What is expected:
Within these entries, which lines include the string "subseteq"? Copy each one.
[Data Boundary: Start]
lemma path_weight_Cons:
  assumes "p \<noteq> []"
  shows "path_weight G (i # p) = wt G i (hd p) * path_factor G p"
proof -
  obtain n where n: "length p = Suc n"
    using assms by (cases p) auto
  have "path_weight G (i # p) = wt G i (p ! 0) * (\<Prod>k\<in>{Suc 0..<Suc n}.
        wt G ((i # p) ! k) ((i # p) ! Suc k) / (lam - wt G ((i # p) ! k) ((i # p) ! k)))"
    unfolding path_weight_def using n by simp
  also have "\<dots> = wt G i (p ! 0) * path_factor G p"
    unfolding path_factor_def n
    by (subst prod.atLeast_Suc_lessThan_Suc_shift) (simp add: atLeast0LessThan)
  finally show ?thesis
    using assms by (simp add: hd_conv_nth)
qed

lemma finite_exit_paths: "finite (verts G) \<Longrightarrow> finite (exit_paths G S j k)"
  by (rule finite_subset[OF _ finite_subset_distinct[of "verts G"]])
     (auto simp: exit_paths_def is_path_def edges_along_def)

lemma exit_pathsD:
  assumes "q \<in> exit_paths G S j l"
  shows "length q \<ge> 2" "distinct q" "edges_along G q" "hd q = l" "last q = j"
    "interior q \<inter> S = {}" "set q \<subseteq> verts G" "q \<noteq> []"
  using assms unfolding exit_paths_def is_path_def edges_along_def by auto

lemma exit_path_butlast_outside:
  assumes "q \<in> exit_paths G S j l" "l \<notin> S"
  shows "set (butlast q) \<subseteq> verts G - S"
proof -
  have "set (butlast q) = insert l (interior q)"
    using exit_pathsD[OF assms(1)] set_butlast_eq_insert_hd_interior by metis
  moreover have "set (butlast q) \<subseteq> verts G"
    using exit_pathsD(7)[OF assms(1)] by (meson in_set_butlastD subset_iff)
  ultimately show ?thesis
    using exit_pathsD(6)[OF assms(1)] assms(2) by auto
qed

lemma structural_set_no_path_back:
  assumes st: "structural_set G S"
    and p: "distinct p" "p \<noteq> []" "set p \<subseteq> verts G - S" "edges_along G p"
    and closing: "last p \<noteq> hd p" "wt G (last p) (hd p) \<noteq> 0"
  shows False
proof (rule structural_set_no_cycle_outside[OF st, of "last p # p"])
  have "last p \<notin> set (butlast p)"
    using p(1,2) by (metis append_butlast_last_id distinct_append disjoint_iff list.set_intros(1))
  then show "distinct (butlast (last p # p))"
    using p(1,2) by (simp add: distinct_butlast)
  show "(last p # p) ! m \<noteq> (last p # p) ! Suc m \<and> wt G ((last p # p) ! m) ((last p # p) ! Suc m) \<noteq> 0"
    if "Suc m < length (last p # p)" for m
  proof (cases m)
    case 0
    then show ?thesis using closing p(2) by (simp add: hd_conv_nth)
  next
    case (Suc m')
    then show ?thesis
      using that p(1,4) by (auto simp: edges_along_def nth_eq_iff_index_eq)
  qed
qed (use p last_in_set in \<open>auto simp: Suc_le_eq\<close>)

lemma exit_path_avoids_predecessor:
  assumes st: "structural_set G S" and k: "k \<in> verts G - S" and j: "j \<in> S"
    and l: "l \<notin> S" "l \<noteq> k" "wt G k l \<noteq> 0" and q: "q \<in> exit_paths G S j l"
  shows "k \<notin> set q"
proof
  assume "k \<in> set q"
  then obtain m where m: "m < length q" "q ! m = k"
    by (auto simp: in_set_conv_nth)
  note qD = exit_pathsD[OF q]
  have "q \<noteq> []"
    using qD(1) by auto
  then have "q ! (length q - 1) = j"
    using qD(5) last_conv_nth[of q] by simp
  then have "m \<noteq> length q - 1"
    using m j k by auto
  then have m1: "Suc m < length q"
    using m by linarith
  show False
  proof (rule structural_set_no_path_back[OF st, of "take (Suc m) q"])
    have "take (Suc m) q = take (Suc m) (butlast q)"
      using m1 by (simp add: take_butlast)
    then have "set (take (Suc m) q) \<subseteq> set (butlast q)"
      by (metis set_take_subset)
    then show "set (take (Suc m) q) \<subseteq> verts G - S"
      using exit_path_butlast_outside[OF q l(1)] by blast
    have "last (take (Suc m) q) = k"
      using m by (simp add: take_Suc_conv_app_nth)
    moreover have "hd (take (Suc m) q) = l"
      using qD(4) by (cases q) auto
    ultimately
    show "last (take (Suc m) q) \<noteq> hd (take (Suc m) q)"
      "wt G (last (take (Suc m) q)) (hd (take (Suc m) q)) \<noteq> 0"
      using l by simp_all
    show "distinct (take (Suc m) q)" "take (Suc m) q \<noteq> []" "edges_along G (take (Suc m) q)"
      using m qD(2) edges_along_take[OF qD(3)] by auto
  qed
qed

lemma Cons_mem_exit_paths:
  assumes "length q \<ge> 2"
  shows "k # q \<in> exit_paths G S j k' \<longleftrightarrow>
     k = k' \<and> k \<in> verts G \<and> k \<notin> set q \<and> hd q \<notin> S \<and> wt G k (hd q) \<noteq> 0 \<and>
     q \<in> exit_paths G S j (hd q)"
proof -
  have "q \<noteq> []" using assms by auto
  then have "interior (k # q) = insert (hd q) (interior q)"
    using interior_Cons[of q k] set_butlast_eq_insert_hd_interior[OF assms] by simp
  with assms \<open>q \<noteq> []\<close> show ?thesis
    unfolding exit_paths_def by (auto simp: is_path_def edges_along_Cons)
qed

lemma pair_mem_exit_paths:
  "[k, x] \<in> exit_paths G S j k' \<longleftrightarrow>
     k = k' \<and> x = j \<and> k \<noteq> j \<and> k \<in> verts G \<and> j \<in> verts G \<and> wt G k j \<noteq> 0"
  by (auto simp: exit_paths_def is_path_def edges_along_Cons interior_def)

lemma Cons_mem_branches:
  assumes "length q \<ge> 2"
  shows "i # q \<in> branches G S i' j \<longleftrightarrow>
     i = i' \<and> i \<in> verts G \<and> i \<notin> set (butlast q) \<and> hd q \<notin> S \<and> wt G i (hd q) \<noteq> 0 \<and>
     q \<in> exit_paths G S j (hd q)"
proof -
  have "q \<noteq> []"
    using assms by auto
  then obtain xs y where q: "q = xs @ [y]"
    by (cases q rule: rev_cases) auto
  have "interior (i # q) = insert (hd q) (interior q)"
    using interior_Cons[OF \<open>q \<noteq> []\<close>] set_butlast_eq_insert_hd_interior[OF assms] by simp
  moreover have "is_path G (i # q) \<or> is_cycle G (i # q) \<longleftrightarrow>
      i \<in> verts G \<and> i \<notin> set (butlast q) \<and> distinct q \<and> wt G i (hd q) \<noteq> 0 \<and> edges_along G q"
    using \<open>q \<noteq> []\<close> unfolding is_path_def is_cycle_def q
    by (cases "i = y") (auto simp: edges_along_Cons butlast_append)
  ultimately show ?thesis
    using assms unfolding branches_def exit_paths_def by (auto simp: is_path_def)
qed

lemma pair_mem_branches:
  "[i, x] \<in> branches G S i' j \<longleftrightarrow>
     i = i' \<and> x = j \<and> i \<in> verts G \<and> j \<in> verts G \<and> wt G i j \<noteq> 0"
  by (cases "i = x") (auto simp: branches_def is_path_def is_cycle_def edges_along_Cons interior_def)

lemma list_cases_length_2:
  obtains "length p < 2" | a x where "p = [a, x]" | a q where "p = a # q" "length q \<ge> 2"
proof (cases "length p < 2")
  case False
  then obtain a q where "p = a # q"
    by (cases p) auto
  then show ?thesis
    using that False by (cases q; cases "tl q") auto
qed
[Data Boundary: End]
Task solution:
    "interior q \<inter> S = {}" "set q \<subseteq> verts G" "q \<noteq> []"
  shows "set (butlast q) \<subseteq> verts G - S"
  moreover have "set (butlast q) \<subseteq> verts G"
    and p: "distinct p" "p \<noteq> []" "set p \<subseteq> verts G - S" "edges_along G p"
    then have "set (take (Suc m) q) \<subseteq> set (butlast q)"
    then show "set (take (Suc m) q) \<subseteq> verts G - S"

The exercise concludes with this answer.